Stored data:

(* For every integer $n\ge 3$, let $\delta_1,\dots,\delta_n$ be the eigenvalues of $\mathcal L_S$ (all positive). Then $$\sum_{i=1}^{n}\frac{1}{\delta_{i}}=\frac{\sqrt{3}\,n}{2}\cdot\frac{p^{n}-q^{n}}{p^{n}+q^{n}+2}.$$
   Context: $p=2+\sqrt3$, $q=2-\sqrt3$. $\mathcal L_S$ denotes the $n\times n$ matrix with all diagonal entries equal to $\tfrac43$, entries $(i,i+1)$ and $(i+1,i)$ equal to $-\tfrac13$ for $1\le i\le n-1$, entries $(1,n)$ and $(n,1)$ equal to $+\tfrac13$, and all other entries $0$. *)

theory Defs
  imports "Jordan_Normal_Form.Char_Poly"
begin

definition pp :: real where "pp = 2 + sqrt 3"
definition qq :: real where "qq = 2 - sqrt 3"

definition LS :: "nat \<Rightarrow> real mat" where
  "LS n = mat n n (\<lambda>(i,j).
      if i = j then 4/3
      else if j = i + 1 \<or> i = j + 1 then -1/3
      else if (i = 0 \<and> j = n - 1) \<or> (i = n - 1 \<and> j = 0) then 1/3
      else 0)"

end

theory Submission
  imports Defs "Jordan_Normal_Form.Schur_Decomposition"
begin

text \<open>\<open>LS n\<close> has an explicit inverse \<open>3 u(|i - j|)\<close>, where \<open>u\<close> solves the three-term
  recurrence \<open>u (k - 1) + u (k + 1) = 4 u k\<close> of the tridiagonal part, is anti-periodic
  (\<open>u (n - k) = - u k\<close>) because of the sign-flipped corner entries, and is normalised by the
  diagonal.  The sum of the reciprocal eigenvalues is the trace of the inverse, \<open>3 n u 0\<close>; to
  see this over the reals, triangularise \<open>LS n\<close> (Schur) and note that the inverse of a
  triangular matrix has the reciprocal diagonal.\<close>

lemma trace_mult_comm:
  fixes A B :: "'a :: comm_semiring_0 mat"
  assumes A: "A \<in> carrier_mat n m" and B: "B \<in> carrier_mat m n"
  shows "(\<Sum>i<n. (A * B) $$ (i,i)) = (\<Sum>j<m. (B * A) $$ (j,j))"
proof -
  have "(\<Sum>i<n. (A * B) $$ (i,i)) = (\<Sum>i<n. \<Sum>k<m. A $$ (i,k) * B $$ (k,i))"
    using A B by (intro sum.cong) (auto simp: scalar_prod_def atLeast0LessThan)
  also have "\<dots> = (\<Sum>k<m. \<Sum>i<n. B $$ (k,i) * A $$ (i,k))"
    by (subst sum.swap) (simp add: mult.commute)
  also have "\<dots> = (\<Sum>j<m. (B * A) $$ (j,j))"
    using A B by (intro sum.cong) (auto simp: scalar_prod_def atLeast0LessThan)
  finally show ?thesis .
qed

lemma upper_triangular_mult_diag:
  fixes A B :: "'a :: semiring_0 mat"
  assumes A: "A \<in> carrier_mat n n" and B: "B \<in> carrier_mat n n"
    and "upper_triangular A" "upper_triangular B" and i: "i < n"
  shows "(A * B) $$ (i,i) = A $$ (i,i) * B $$ (i,i)"
proof -
  have "A $$ (i,k) * B $$ (k,i) = 0" if "k < n" "k \<noteq> i" for k
    using that assms upper_triangularD[of A k i] upper_triangularD[of B i k]
    by (cases "k < i") auto
  then have "(\<Sum>k\<in>{0..<n}. A $$ (i,k) * B $$ (k,i)) = A $$ (i,i) * B $$ (i,i)"
    using i by (subst sum.remove[of _ i]) auto
  then show ?thesis
    using A B i by (simp add: scalar_prod_def)
qed

lemma upper_triangular_left_inverse:
  fixes T N :: "'a :: field mat"
  assumes T: "T \<in> carrier_mat n n" and N: "N \<in> carrier_mat n n"
    and ut: "upper_triangular T" and NT: "N * T = 1\<^sub>m n"
  shows "upper_triangular N"
proof -
  have "det N * det T = 1"
    using det_mult[OF N T] NT by simp
  then have "prod_list (diag_mat T) \<noteq> 0"
    using det_upper_triangular[OF ut T] by (metis mult_zero_right zero_neq_one)
  then have diag_nonzero: "T $$ (j,j) \<noteq> 0" if "j < n" for j
    using that T by (auto simp: prod_list_diag_prod)
  have "N $$ (i,j) = 0" if "j < i" "i < n" for i j
    using that
  proof (induction j arbitrary: i rule: less_induct)
    case (less j)
    have off_diagonal: "N $$ (i,k) * T $$ (k,j) = 0" if "k \<in> {0..<n} - {j}" for k
      using that less ut T upper_triangularD[of T j k] by (cases "k < j") auto
    have "(\<Sum>k\<in>{0..<n}. N $$ (i,k) * T $$ (k,j))
        = N $$ (i,j) * T $$ (j,j) + (\<Sum>k\<in>{0..<n} - {j}. N $$ (i,k) * T $$ (k,j))"
      using less.prems by (intro sum.remove) auto
    also have "(\<Sum>k\<in>{0..<n} - {j}. N $$ (i,k) * T $$ (k,j)) = 0"
      by (rule sum.neutral) (use off_diagonal in blast)
    finally have "(\<Sum>k\<in>{0..<n}. N $$ (i,k) * T $$ (k,j)) = N $$ (i,j) * T $$ (j,j)"
      by simp
    moreover have "(N * T) $$ (i,j) = 0"
      using NT less.prems by simp
    ultimately have "N $$ (i,j) * T $$ (j,j) = 0"
      using less.prems N T by (simp add: scalar_prod_def)
    then show ?case
      using diag_nonzero less.prems by simp
  qed
  then show ?thesis
    using N by auto
qed

lemma upper_triangular_inverse_diag:
  fixes T N :: "'a :: field mat"
  assumes T: "T \<in> carrier_mat n n" and N: "N \<in> carrier_mat n n"
    and ut: "upper_triangular T" and NT: "N * T = 1\<^sub>m n" and i: "i < n"
  shows "N $$ (i,i) = 1 / T $$ (i,i)"
proof -
  have "N $$ (i,i) * T $$ (i,i) = 1"
    using upper_triangular_mult_diag[OF N T upper_triangular_left_inverse[OF T N ut NT] ut i]
      NT i by simp
  then show ?thesis
    by (metis mult_zero_right zero_neq_one nonzero_eq_divide_eq)
qed

lemma sum_inverse_eigenvalues_eq_trace_inverse:
  fixes A B :: "'a :: conjugatable_ordered_field mat"
  assumes A: "A \<in> carrier_mat n n" and B: "B \<in> carrier_mat n n" and AB: "A * B = 1\<^sub>m n"
    and char_poly: "char_poly A = (\<Prod>e\<leftarrow>es. [:- e, 1:])"
  shows "(\<Sum>i<n. 1 / es ! i) = (\<Sum>i<n. B $$ (i,i))"
proof -
  obtain T P Q where "schur_decomposition A es = (T,P,Q)"
    by (cases "schur_decomposition A es") auto
  from schur_decomposition[OF A char_poly this]
  have sim: "similar_mat_wit A T P Q" and ut: "upper_triangular T" and diag: "diag_mat T = es"
    by auto
  note sim = similar_mat_witD2[OF A sim]
  have T: "T \<in> carrier_mat n n" and P: "P \<in> carrier_mat n n" and Q: "Q \<in> carrier_mat n n"
    using sim by auto
  have BA: "B * A = 1\<^sub>m n"
    by (rule mat_mult_left_right_inverse[OF A B AB])
  define N where "N = Q * B * P"
  have N: "N \<in> carrier_mat n n"
    unfolding N_def using Q B P by auto
  have "A * P = P * T * (Q * P)"
    using sim P T Q by (simp add: assoc_mult_mat[of _ n n _ n _ n])
  then have PT: "P * T = A * P"
    using sim P T by simp
  have "N * T = Q * B * (P * T)"
    unfolding N_def using Q B P T by (simp add: assoc_mult_mat[of _ n n _ n _ n])
  also have "\<dots> = Q * (B * A) * P"
    using sim Q B P by (simp add: assoc_mult_mat[of _ n n _ n _ n])
  also have "\<dots> = 1\<^sub>m n"
    using sim BA P by simp
  finally have NT: "N * T = 1\<^sub>m n" .
  have "(\<Sum>i<n. 1 / es ! i) = (\<Sum>i<n. N $$ (i,i))"
    using upper_triangular_inverse_diag[OF T N ut NT] diag T by (auto simp: diag_mat_def)
  also have "\<dots> = (\<Sum>i<n. (B * P * Q) $$ (i,i))"
    unfolding N_def using trace_mult_comm[of Q n n "B * P"] Q B P
    by (simp add: assoc_mult_mat[of _ n n _ n _ n])
  also have "\<dots> = (\<Sum>i<n. B $$ (i,i))"
    using sim B P Q by (simp add: assoc_mult_mat[of _ n n _ n _ n])
  finally show ?thesis .
qed

lemma pp_mult_qq: "pp * qq = 1"
  unfolding pp_def qq_def by (simp add: algebra_simps power2_eq_square[symmetric])

lemma pp_gt_0: "pp > 0"
  unfolding pp_def by (simp add: add_pos_nonneg)

lemma qq_gt_0: "qq > 0"
  unfolding qq_def by (smt (verit) real_sqrt_less_iff real_sqrt_four)

lemma pp_qq_recurrence:
  assumes "x = pp \<or> x = qq"
  shows "x ^ Suc (Suc k) = 4 * x ^ Suc k - x ^ k"
proof -
  have "pp\<^sup>2 = 4 * pp - 1" "qq\<^sup>2 = 4 * qq - 1"
    unfolding pp_def qq_def power2_eq_square by (simp_all add: algebra_simps)
  then have x2: "x\<^sup>2 = 4 * x - 1"
    using assms by auto
  have "x ^ Suc (Suc k) = x ^ k * x\<^sup>2"
    by (simp add: power2_eq_square)
  also have "\<dots> = 4 * x ^ Suc k - x ^ k"
    unfolding x2 by (simp add: algebra_simps)
  finally show ?thesis .
qed

text \<open>The combination of \<open>pp ^ k\<close> and \<open>qq ^ k\<close> fixed by \<open>u (n - k) = - u k\<close> and by
  \<open>4 u 0 - 2 u 1 = 1\<close>, the equations of the corner and diagonal entries.\<close>

definition LS_inv_coeff :: "nat \<Rightarrow> nat \<Rightarrow> real" where
  "LS_inv_coeff n k = (qq ^ k - qq ^ n * pp ^ k) / (2 * sqrt 3 * (1 + qq ^ n))"

definition nat_dist :: "nat \<Rightarrow> nat \<Rightarrow> nat" where
  "nat_dist i j = (if i \<le> j then j - i else i - j)"

definition LS_inv :: "nat \<Rightarrow> real mat" where
  "LS_inv n = mat n n (\<lambda>(i,j). 3 * LS_inv_coeff n (nat_dist i j))"

lemma LS_inv_coeff_recurrence:
  assumes "0 < k"
  shows "LS_inv_coeff n (k - 1) + LS_inv_coeff n (k + 1) = 4 * LS_inv_coeff n k"
proof -
  obtain m where k: "k = Suc m"
    using assms by (cases k) auto
  have "qq ^ m + qq ^ Suc (Suc m) = 4 * qq ^ Suc m"
    "pp ^ m + pp ^ Suc (Suc m) = 4 * pp ^ Suc m"
    using pp_qq_recurrence[of qq m] pp_qq_recurrence[of pp m] by simp_all
  then have "(qq ^ m - qq ^ n * pp ^ m) + (qq ^ Suc (Suc m) - qq ^ n * pp ^ Suc (Suc m))
      = 4 * (qq ^ Suc m - qq ^ n * pp ^ Suc m)"
    by (metis (no_types, lifting) add_diff_add right_diff_distrib' distrib_left mult.left_commute)
  then show ?thesis
    unfolding k LS_inv_coeff_def by (simp add: add_divide_distrib[symmetric])
qed

lemma LS_inv_coeff_antisym:
  assumes "k \<le> n"
  shows "LS_inv_coeff n (n - k) = - LS_inv_coeff n k"
proof -
  have "qq ^ n * pp ^ k = qq ^ (n - k) * (qq * pp) ^ k"
    using assms by (simp add: power_mult_distrib power_add[symmetric])
  moreover have "qq ^ n * pp ^ (n - k) = qq ^ k * (qq * pp) ^ (n - k)"
    using assms by (simp add: power_mult_distrib power_add[symmetric] algebra_simps)
  ultimately show ?thesis
    unfolding LS_inv_coeff_def using pp_mult_qq by (simp add: algebra_simps minus_divide_left)
qed

lemma LS_inv_coeff_boundary: "4 * LS_inv_coeff n 0 - 2 * LS_inv_coeff n 1 = 1"
proof -
  define D where "D = 2 * sqrt 3 * (1 + qq ^ n)"
  have "D > 0"
    unfolding D_def using qq_gt_0 by (simp add: add_pos_pos)
  have "4 * (1 - qq ^ n) - 2 * (qq - qq ^ n * pp) = (4 - 2 * qq) - qq ^ n * (4 - 2 * pp)"
    by (simp add: algebra_simps)
  also have "\<dots> = D"
    unfolding D_def pp_def qq_def by (simp add: algebra_simps)
  finally have "4 * ((1 - qq ^ n) / D) - 2 * ((qq - qq ^ n * pp) / D) = 1"
    using \<open>D > 0\<close> by (simp add: diff_divide_distrib[symmetric])
  then show ?thesis
    unfolding LS_inv_coeff_def D_def by simp
qed

lemma LS_inv_coeff_0_closed_form:
  "3 * real n * LS_inv_coeff n 0 =
     sqrt 3 * real n / 2 * ((pp ^ n - qq ^ n) / (pp ^ n + qq ^ n + 2))"
proof -
  define x y where "x = pp ^ n" and "y = qq ^ n"
  have "x * y = 1" "x > 0" "y > 0"
    unfolding x_def y_def using pp_mult_qq pp_gt_0 qq_gt_0
    by (simp_all add: power_mult_distrib[symmetric])
  then have "x - y = (1 - y) * (x + 1)" "x + y + 2 = (1 + y) * (x + 1)" "x + 1 \<noteq> 0"
    by (simp_all add: algebra_simps)
  then have "(x - y) / (x + y + 2) = (1 - y) / (1 + y)"
    by simp
  moreover have "3 * real n * LS_inv_coeff n 0 = 3 / sqrt 3 * real n / 2 * ((1 - y) / (1 + y))"
    unfolding LS_inv_coeff_def y_def by simp
  ultimately show ?thesis
    unfolding x_def y_def by (simp add: real_div_sqrt)
qed

definition cyc_pred :: "nat \<Rightarrow> nat \<Rightarrow> nat" where
  "cyc_pred n i = (if i = 0 then n - 1 else i - 1)"

definition cyc_succ :: "nat \<Rightarrow> nat \<Rightarrow> nat" where
  "cyc_succ n i = (if i = n - 1 then 0 else i + 1)"

lemma LS_row_mult:
  assumes n: "n \<ge> 3" and i: "i < n"
  shows "(\<Sum>k\<in>{0..<n}. LS n $$ (i,k) * g k) =
     (4 * g i + (if i = 0 then 1 else -1) * g (cyc_pred n i)
       + (if i = n - 1 then 1 else -1) * g (cyc_succ n i)) / 3"
proof -
  define pr nx where "pr = cyc_pred n i" and "nx = cyc_succ n i"
  have distinct: "pr \<noteq> i" "nx \<noteq> i" "pr \<noteq> nx" and range: "pr < n" "nx < n"
    using n i unfolding pr_def nx_def cyc_pred_def cyc_succ_def by auto
  have "LS n $$ (i,k) * g k = 0" if "k \<in> {0..<n} - {i,pr,nx}" for k
    using that n i unfolding LS_def pr_def nx_def cyc_pred_def cyc_succ_def
    by (auto split: if_splits)
  then have "(\<Sum>k\<in>{0..<n}. LS n $$ (i,k) * g k) = (\<Sum>k\<in>{i,pr,nx}. LS n $$ (i,k) * g k)"
    using range i by (intro sum.mono_neutral_right) auto
  also have "\<dots> = LS n $$ (i,i) * g i + LS n $$ (i,pr) * g pr + LS n $$ (i,nx) * g nx"
    using distinct by simp
  also have "LS n $$ (i,i) = 4/3"
    using i unfolding LS_def by simp
  also have "LS n $$ (i,pr) = (if i = 0 then 1/3 else -1/3)"
    using i range n unfolding LS_def pr_def cyc_pred_def by auto
  also have "LS n $$ (i,nx) = (if i = n - 1 then 1/3 else -1/3)"
    using i range n unfolding LS_def nx_def cyc_succ_def by auto
  finally show ?thesis
    unfolding pr_def nx_def by (simp add: add_divide_distrib)
qed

## Exercise brief
Would you output, from the records above, exactly the run of lines that starts at the line containing "else if (i = 0" and ends at the line containing "text \<open>\<open>LS n\<close>", and only that run?

## Answer area
      else if (i = 0 \<and> j = n - 1) \<or> (i = n - 1 \<and> j = 0) then 1/3
      else 0)"

end

theory Submission
  imports Defs "Jordan_Normal_Form.Schur_Decomposition"
begin

text \<open>\<open>LS n\<close> has an explicit inverse \<open>3 u(|i - j|)\<close>, where \<open>u\<close> solves the three-term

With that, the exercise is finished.